Overview
This project identifies potential technologies and pathways for the use of clay, bauxite residue and iron making by-products for alternative construction materials with the view to mitigate both emissions and achieve a circular economy. There is a lack of comprehensive assessment in the Australian industry context identifying those technologies with the highest techno-economical potential for large/pilot-scale demonstration.
Project Details
A comprehensive literature review and necessary preliminary evaluations of these technologies that have already been proposed or developed, to assess system integration, scale-up and effectiveness, relevance to local HILT industries, timelines to commercialisation and life-cycle emissions will be performed. High level techno-economic analysis to identify niche technologies and their bottlenecks using the developed models and available data, to identify priorities, justifying further investigation and investment.
Research Areas
Technologies and methods for production of low-carbon construction materials.
Outcomes
The project completed a review of the potential use of industrial wastes and clays in the production of cementitious materials.

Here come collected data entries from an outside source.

definition cap :: "real \<Rightarrow> ('n::finite) pt set" where
  "cap \<theta> = {\<xi>. snd \<xi> \<ge> 0 \<and> norm (\<xi> - cos \<theta> *\<^sub>R eN) = 1}"

definition cap_boundary :: "real \<Rightarrow> ('n::finite) pt set" where
  "cap_boundary \<theta> = {\<xi> \<in> cap \<theta>. snd \<xi> = 0}"

definition ell :: "real \<Rightarrow> ('n::finite) pt \<Rightarrow> real" where
  "ell \<theta> \<xi> = (sin \<theta>)\<^sup>2 + cos \<theta> * (\<xi> \<bullet> eN)"

definition cap_normal :: "real \<Rightarrow> ('n::finite) pt \<Rightarrow> ('n::finite) pt" where
  "cap_normal \<theta> \<xi> = \<xi> - cos \<theta> *\<^sub>R eN"

text \<open>Unit outward conormal of the boundary of the cap: the normalized tangential
  projection of e (pointing out of the half-space x_(n+1) \<ge> 0).\<close>
definition conormal :: "real \<Rightarrow> ('n::finite) pt \<Rightarrow> ('n::finite) pt" where
  "conormal \<theta> \<xi> =
     (let \<nu> = cap_normal \<theta> \<xi>; w = eN - (eN \<bullet> \<nu>) *\<^sub>R \<nu> in w /\<^sub>R norm w)"

text \<open>The bilinear form nabla^2 h + h sigma at a point of the sphere, computed from a
  C^2 extension h with gradient Dh and Hessian D2h (Gauss formula for the sphere).\<close>
definition Wform :: "real \<Rightarrow> (('n::finite) pt \<Rightarrow> real) \<Rightarrow> (('n::finite) pt \<Rightarrow> ('n::finite) pt) \<Rightarrow> (('n::finite) pt \<Rightarrow> ('n::finite) pt \<Rightarrow> ('n::finite) pt)
                     \<Rightarrow> ('n::finite) pt \<Rightarrow> ('n::finite) pt \<Rightarrow> ('n::finite) pt \<Rightarrow> real" where
  "Wform \<theta> h Dh D2h \<xi> X Y =
     (D2h \<xi> X) \<bullet> Y - (Dh \<xi> \<bullet> cap_normal \<theta> \<xi>) * (X \<bullet> Y) + h \<xi> * (X \<bullet> Y)"

text \<open>lam (indexed by 'n, i.e. n values) are the eigenvalues (with multiplicity) of the form
  on the tangent space at \<xi>, w.r.t. the orthonormal eigenbasis b of that tangent space.\<close>
definition is_eigendecomp :: "real \<Rightarrow> (('n::finite) pt \<Rightarrow> real) \<Rightarrow> (('n::finite) pt \<Rightarrow> ('n::finite) pt) \<Rightarrow> (('n::finite) pt \<Rightarrow> ('n::finite) pt \<Rightarrow> ('n::finite) pt)
                     \<Rightarrow> ('n::finite) pt \<Rightarrow> ('n \<Rightarrow> real) \<Rightarrow> ('n \<Rightarrow> ('n::finite) pt) \<Rightarrow> bool" where
  "is_eigendecomp \<theta> h Dh D2h \<xi> lam b \<longleftrightarrow>
     (\<forall>i j. b i \<bullet> b j = (if i = j then 1 else 0)) \<and>
     (\<forall>i. b i \<bullet> cap_normal \<theta> \<xi> = 0) \<and>
     (\<forall>i Y. Y \<bullet> cap_normal \<theta> \<xi> = 0 \<longrightarrow> Wform \<theta> h Dh D2h \<xi> (b i) Y = lam i * (b i \<bullet> Y))"

definition sigma :: "nat \<Rightarrow> ('n::finite \<Rightarrow> real) \<Rightarrow> real" where
  "sigma j lam = (\<Sum>S\<in>{S::'n set. card S = j}. \<Prod>i\<in>S. lam i)"

definition Gamma :: "nat \<Rightarrow> ('n::finite \<Rightarrow> real) set" where
  "Gamma k = {lam. \<forall>i\<in>{1..k}. sigma i lam > 0}"

end

theory Submission
  imports Defs "HOL-Computational_Algebra.Polynomial"
begin

text \<open>
  The function \<open>ell\<close> is itself a solution: on the cap \<open>\<nabla>\<^sup>2ell + ell \<sigma> = \<sigma>\<close>, and \<open>ell\<close>
  satisfies the Robin condition \<open>\<nabla>\<^sub>\<mu>ell = cot \<theta> ell\<close>. Let \<open>a\<close> be the maximum of \<open>h / ell\<close>, attained
  at \<open>\<xi>\<^sub>0\<close>. Then \<open>h - a ell\<close> attains its maximum \<open>0\<close> at \<open>\<xi>\<^sub>0\<close>, and the first and second
  order conditions along great circles through \<open>\<xi>\<^sub>0\<close> give \<open>\<nabla>\<^sup>2h + h \<sigma> \<le> a \<sigma>\<close> there. At a
  boundary point only the great circles entering the cap are available; the Robin condition,
  shared by \<open>h - a ell\<close>, supplies the missing tangential direction. So all eigenvalues at
  \<open>\<xi>\<^sub>0\<close> are at most \<open>a\<close>, and the Newton-Maclaurin inequalities bound the left-hand side of the
  equation by \<open>a\<^sup>k\<^sup>-\<^sup>l\<close> (after normalising \<open>\<sigma>\<^sub>j\<close> by \<open>n choose j\<close>), whence
  \<open>a\<^sup>p\<^sup>-\<^sup>1 \<le> a\<^sup>k\<^sup>-\<^sup>l\<close> and \<open>a \<le> 1\<close> because \<open>p - 1 > k - l\<close>. Symmetrically the minimum of
  \<open>h / ell\<close> is at least \<open>1\<close>, so \<open>h = ell\<close>.
\<close>

section \<open>Real-rooted polynomials and Newton's inequalities\<close>

definition real_rooted :: "real poly \<Rightarrow> bool" where
  "real_rooted p \<longleftrightarrow> p \<noteq> 0 \<and> size (proots p) = degree p"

The findings inform the project report (currently under review) on commercialisation of supplementary cementitious materials (SCMs), which identifies gaps and roadmaps for future projects, focusing on calcined clay.
The report details preparation bottlenecks related to pozzolanic properties (the ability of certain materials to react chemically with lime in the presence of water to form cementitious compounds), influenced by impurities and factors related to dihydroxylation (using heat to remove chemically bound water). Varying calcination patterns associated with complex clay compositions also pose challenges.
The project also report examines:
- SCM commercialisation status and potential in Australia.
- Bauxite residue as an SCM, noting limited Australian research.
One key finding is that variability in bauxite residue composition necessitates tailored integration pathways, requiring further study on pre-treatment methods and novel approaches such as reductive roasting to ensure viability.